Ingredient Four – Managing Your Cash

Monthly cash receipts seldom match what was budgeted and it is not unusual that during some months, cash outflow will exceed inflow. (Like July and August…)

Not preparing for this may force a church to:

  • Dip into savings or investment accounts
  • Pay bills late
  • Borrow money.
  • Dip into designated accounts (AKA – World War III!)

One way to avoid having to resort to these measures is using a monthly cash budget.
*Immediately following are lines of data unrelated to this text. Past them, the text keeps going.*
lemma one_plus_inverse_in_strip:
  assumes "\<bar>n\<bar> + 2 \<le> r"
  shows "1 + 1 / (of_int r - csqrt (of_int n)) \<in> strip"
proof -
  have "1 < Re (of_int r - csqrt (of_int n))"
    using Re_csqrt_of_int_le[of n] assms by simp
  then show ?thesis
    using Re_inverse_bounds unfolding strip_def by simp
qed

lemma one_plus_inverse_in_Qstar:
  assumes "\<forall>x::int. x^2 \<noteq> n"
  shows "1 + 1 / (of_int r - csqrt (of_int n)) \<in> Qstar n"
proof -
  have "quad_point n (- r) 1 \<in> Qstar n" unfolding Qstar_def by fastforce
  then have "- 1 / quad_point n (- r) 1 + of_int 1 \<in> Qstar n"
    by (intro Qstar_add_int Qstar_inversion[OF assms])
  moreover have "- 1 / quad_point n (- r) 1 = 1 / (of_int r - csqrt (of_int n))"
    by (metis minus_diff_eq minus_divide_divide of_int_minus of_int_1 div_by_1 uminus_add_conv_diff)
  ultimately show ?thesis by (simp only: add.commute of_int_1)
qed

lemma infinite_hecke_orbits:
  assumes "\<forall>x::int. x^2 \<noteq> n" "3 \<le> \<bar>lam\<bar>"
  shows "infinite (hecke_orbits n lam)"
proof -
  define f :: "int \<Rightarrow> complex" where "f r = 1 + 1 / (of_int r - csqrt (of_int n))" for r
  let ?A = "{\<bar>n\<bar> + 2..}"
  have f_A: "f r \<in> Qstar n \<inter> strip" if "r \<in> ?A" for r
    using that one_plus_inverse_in_strip one_plus_inverse_in_Qstar[OF assms(1)] unfolding f_def by auto
  have "inj_on (hecke_orbit lam \<circ> f) ?A"
  proof (rule inj_onI)
    fix r s assume "r \<in> ?A" "s \<in> ?A" "(hecke_orbit lam \<circ> f) r = (hecke_orbit lam \<circ> f) s"
    then have "f r = f s"
      using f_A strip_hecke_orbit_unique[OF assms(2)] hecke_orbit_self by (metis IntD2 comp_apply)
    then show "r = s" unfolding f_def by simp
  qed
  then have "infinite ((hecke_orbit lam \<circ> f) ` ?A)"
    using finite_imageD infinite_Ici by blast
  moreover have "(hecke_orbit lam \<circ> f) ` ?A \<subseteq> hecke_orbits n lam"
    using f_A unfolding hecke_orbits_def by auto
  ultimately show ?thesis by (metis infinite_super)
qed

theorem theorem1p4:
  fixes n lam :: int
  assumes "squarefree n" and "n \<noteq> 1" and "lam \<ge> 1"
  shows "finite (hecke_orbits n lam) \<longleftrightarrow> lam \<in> {1, 2}"
proof -
  have nonsquare: "\<forall>x::int. x^2 \<noteq> n" using squarefree_not_square assms(1,2) by blast
  show ?thesis
  proof
    assume "finite (hecke_orbits n lam)"
    then have "\<not> 3 \<le> \<bar>lam\<bar>" using infinite_hecke_orbits[OF nonsquare] by blast
    with assms(3) show "lam \<in> {1, 2}" by auto
  next
    assume "lam \<in> {1, 2}"
    then show "finite (hecke_orbits n lam)" using finite_hecke_orbits[OF nonsquare] by auto
  qed
qed

end
text \<open>Support of a single formula. The clauses for tensor and linear implication
  unfold the (Inf) and (comma) clauses for the contexts [phi,psi] and [phi].\<close>
primrec supp :: "'a base \<Rightarrow> 'a multiset \<Rightarrow> 'a fml \<Rightarrow> bool" where
  "supp B P (At p) \<longleftrightarrow> deriv B P p"
| "supp B P (Tensor \<phi> \<psi>) \<longleftrightarrow>
     (\<forall>X U p. B \<subseteq> X \<longrightarrow>
        (\<forall>Y V W. X \<subseteq> Y \<longrightarrow> supp Y V \<phi> \<longrightarrow> supp Y W \<psi> \<longrightarrow> deriv Y (U + (V + W)) p)
        \<longrightarrow> deriv X (P + U) p)"
| "supp B P One \<longleftrightarrow> (\<forall>X U p. B \<subseteq> X \<longrightarrow> deriv X U p \<longrightarrow> deriv X (P + U) p)"
| "supp B P (Lolli \<phi> \<psi>) \<longleftrightarrow>
     (\<forall>X U. B \<subseteq> X \<longrightarrow> supp X U \<phi> \<longrightarrow> supp X (P + U) \<psi>)"

primrec subfmls :: "'a fml \<Rightarrow> 'a fml set" where
  "subfmls (At p) = {At p}"
| "subfmls (Tensor a b) = insert (Tensor a b) (subfmls a \<union> subfmls b)"
| "subfmls One = {One}"
| "subfmls (Lolli a b) = insert (Lolli a b) (subfmls a \<union> subfmls b)"

primrec fatoms :: "'a fml \<Rightarrow> 'a set" where
  "fatoms (At p) = {p}"
| "fatoms (Tensor a b) = fatoms a \<union> fatoms b"
| "fatoms One = {}"
| "fatoms (Lolli a b) = fatoms a \<union> fatoms b"

definition Xi :: "'a fml multiset \<Rightarrow> 'a fml \<Rightarrow> 'a fml set" where
  "Xi \<Gamma> \<phi> = (\<Union>\<gamma>\<in>set_mset \<Gamma>. subfmls \<gamma>) \<union> subfmls \<phi>"

definition is_atomic :: "'a fml \<Rightarrow> bool" where
  "is_atomic \<xi> \<longleftrightarrow> (\<exists>p. \<xi> = At p)"

definition flat_ok :: "'a fml set \<Rightarrow> ('a fml \<Rightarrow> 'a) \<Rightarrow> bool" where
  "flat_ok \<Xi> fl \<longleftrightarrow> inj_on fl \<Xi>
     \<and> (\<forall>p. At p \<in> \<Xi> \<longrightarrow> fl (At p) = p)
     \<and> (\<forall>\<xi>\<in>\<Xi>. \<not> is_atomic \<xi> \<longrightarrow> fl \<xi> \<notin> (\<Union>\<eta>\<in>\<Xi>. fatoms \<eta>))"

definition baseM :: "'a fml set \<Rightarrow> ('a fml \<Rightarrow> 'a) \<Rightarrow> 'a base" where
  "baseM \<Xi> fl =
     {([({#fl \<sigma>#}, fl \<tau>)], fl (Lolli \<sigma> \<tau>)) | \<sigma> \<tau>. Lolli \<sigma> \<tau> \<in> \<Xi>}
   \<union> {([({#}, fl (Lolli \<sigma> \<tau>)), ({#}, fl \<sigma>)], fl \<tau>) | \<sigma> \<tau>. Lolli \<sigma> \<tau> \<in> \<Xi>}
   \<union> {([({#}, fl \<sigma>), ({#}, fl \<tau>)], fl (Tensor \<sigma> \<tau>)) | \<sigma> \<tau>. Tensor \<sigma> \<tau> \<in> \<Xi>}
   \<union> {([({#}, fl (Tensor \<sigma> \<tau>)), ({#fl \<sigma>, fl \<tau>#}, p)], p) | \<sigma> \<tau> p. Tensor \<sigma> \<tau> \<in> \<Xi>}
   \<union> (if One \<in> \<Xi> then {([], fl One)} else {})
   \<union> {([({#}, fl One), ({#}, p)], p) | p. One \<in> \<Xi>}"

end

theory Submission
  imports Defs
begin

text \<open>
  Each rule pair of \<open>baseM\<close> is an atomic copy of the introduction and elimination rule of
  one connective, and these copies are exactly what the support clauses ask for.  Induction on
  \<open>\<xi>\<close> therefore shows that, in any base extending \<open>baseM\<close>, the atom \<open>\<xi>\<^sup>\<flat>\<close> and the formula
  \<open>\<xi>\<close> are supported by the same multisets: the introduction rule yields \<open>\<xi>\<^sup>\<flat>\<close> from
  support of \<open>\<xi>\<close>, and the elimination rule lets \<open>\<xi>\<^sup>\<flat>\<close> pass every test in the support
  clause of \<open>\<xi>\<close>, instantiated at the atoms \<open>\<sigma>\<^sup>\<flat>\<close>, \<open>\<tau>\<^sup>\<flat>\<close> of the immediate subformulas.
\<close>

lemma deriv_mono: "deriv B P p \<Longrightarrow> B \<subseteq> C \<Longrightarrow> deriv C P p"
proof (induction rule: deriv.induct)
  case (Ref B p)
  then show ?case by (simp add: deriv.Ref)
next
  case (App prems p B Ss)
  have "list_all2 (\<lambda>S Pq. deriv C (S + fst Pq) (snd Pq)) Ss prems"
    using App(2,3) by (auto elim: list_all2_mono)
  then show ?case using App(1,3) by (auto intro: deriv.App)
qed

lemma deriv_App0: "([], p) \<in> B \<Longrightarrow> deriv B {#} p"
  using deriv.App[of "[]" p B "[]"] by simp

lemma deriv_App1:
  "([(P\<^sub>1, p\<^sub>1)], p) \<in> B \<Longrightarrow> deriv B (S\<^sub>1 + P\<^sub>1) p\<^sub>1 \<Longrightarrow> deriv B S\<^sub>1 p"
  using deriv.App[of "[(P\<^sub>1, p\<^sub>1)]" p B "[S\<^sub>1]"] by simp

lemma deriv_App2:
  "([(P\<^sub>1, p\<^sub>1), (P\<^sub>2, p\<^sub>2)], p) \<in> B \<Longrightarrow> deriv B (S\<^sub>1 + P\<^sub>1) p\<^sub>1 \<Longrightarrow> deriv B (S\<^sub>2 + P\<^sub>2) p\<^sub>2
   \<Longrightarrow> deriv B (S\<^sub>1 + S\<^sub>2) p"
  using deriv.App[of "[(P\<^sub>1, p\<^sub>1), (P\<^sub>2, p\<^sub>2)]" p B "[S\<^sub>1, S\<^sub>2]"] by simp

lemma deriv_App2_closed:
  "([({#}, p\<^sub>1), ({#}, p\<^sub>2)], p) \<in> B \<Longrightarrow> deriv B S\<^sub>1 p\<^sub>1 \<Longrightarrow> deriv B S\<^sub>2 p\<^sub>2
   \<Longrightarrow> deriv B (S\<^sub>1 + S\<^sub>2) p"
  using deriv_App2[of "{#}" p\<^sub>1 "{#}" p\<^sub>2 p B S\<^sub>1 S\<^sub>2] by simp

lemma baseM_Lolli_intro: "Lolli \<sigma> \<tau> \<in> \<Xi> \<Longrightarrow> ([({#fl \<sigma>#}, fl \<tau>)], fl (Lolli \<sigma> \<tau>)) \<in> baseM \<Xi> fl"
  unfolding baseM_def by blast

lemma baseM_Lolli_elim:
  "Lolli \<sigma> \<tau> \<in> \<Xi> \<Longrightarrow> ([({#}, fl (Lolli \<sigma> \<tau>)), ({#}, fl \<sigma>)], fl \<tau>) \<in> baseM \<Xi> fl"
  unfolding baseM_def by blast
This is a fairly simple process of developing a “budget within a budget”.  Using historical data:

  • Estimate the next month’s receipts
  • Estimate the next month’s expenses
  • Compare the net amount to cash on hand
  • Make adjustments as necessary based on the shortfall amount

Ingredient Three – Controlling Expenses

Even though we started with keeping an eye on receipts, most of the budget busts I have seen have been in this area.  Stories are legendary about ministers with little regard to the budget process and some of the budget bypassing techniques they employ can be quite creative.  Many of these situations I have helped churches work through if the church has simply understood this: A formal bill paying and approval system is a must!   

A strong bill-paying system must clearly document:

  • Who authorized the purchase of goods or services
  • Who received the goods and compared them to the original order
  • Who compares the invoice with the authorization?
  • Who prepared the check
  • Who signed the check
  • Who mailed the check
  • Who recorded the transaction in the general ledger

 

Ingredient Two – Keeping an Eye on Receipts

Tithes and offerings are the financial life-blood of a church.  Changes in the flow of a church’s resource stream need to be regularly monitored.  This is not something that is only to be done during the budget development process.  By waiting until then, it may be too late.  By keeping an eye on receipts, churches can move quickly to address shortfalls.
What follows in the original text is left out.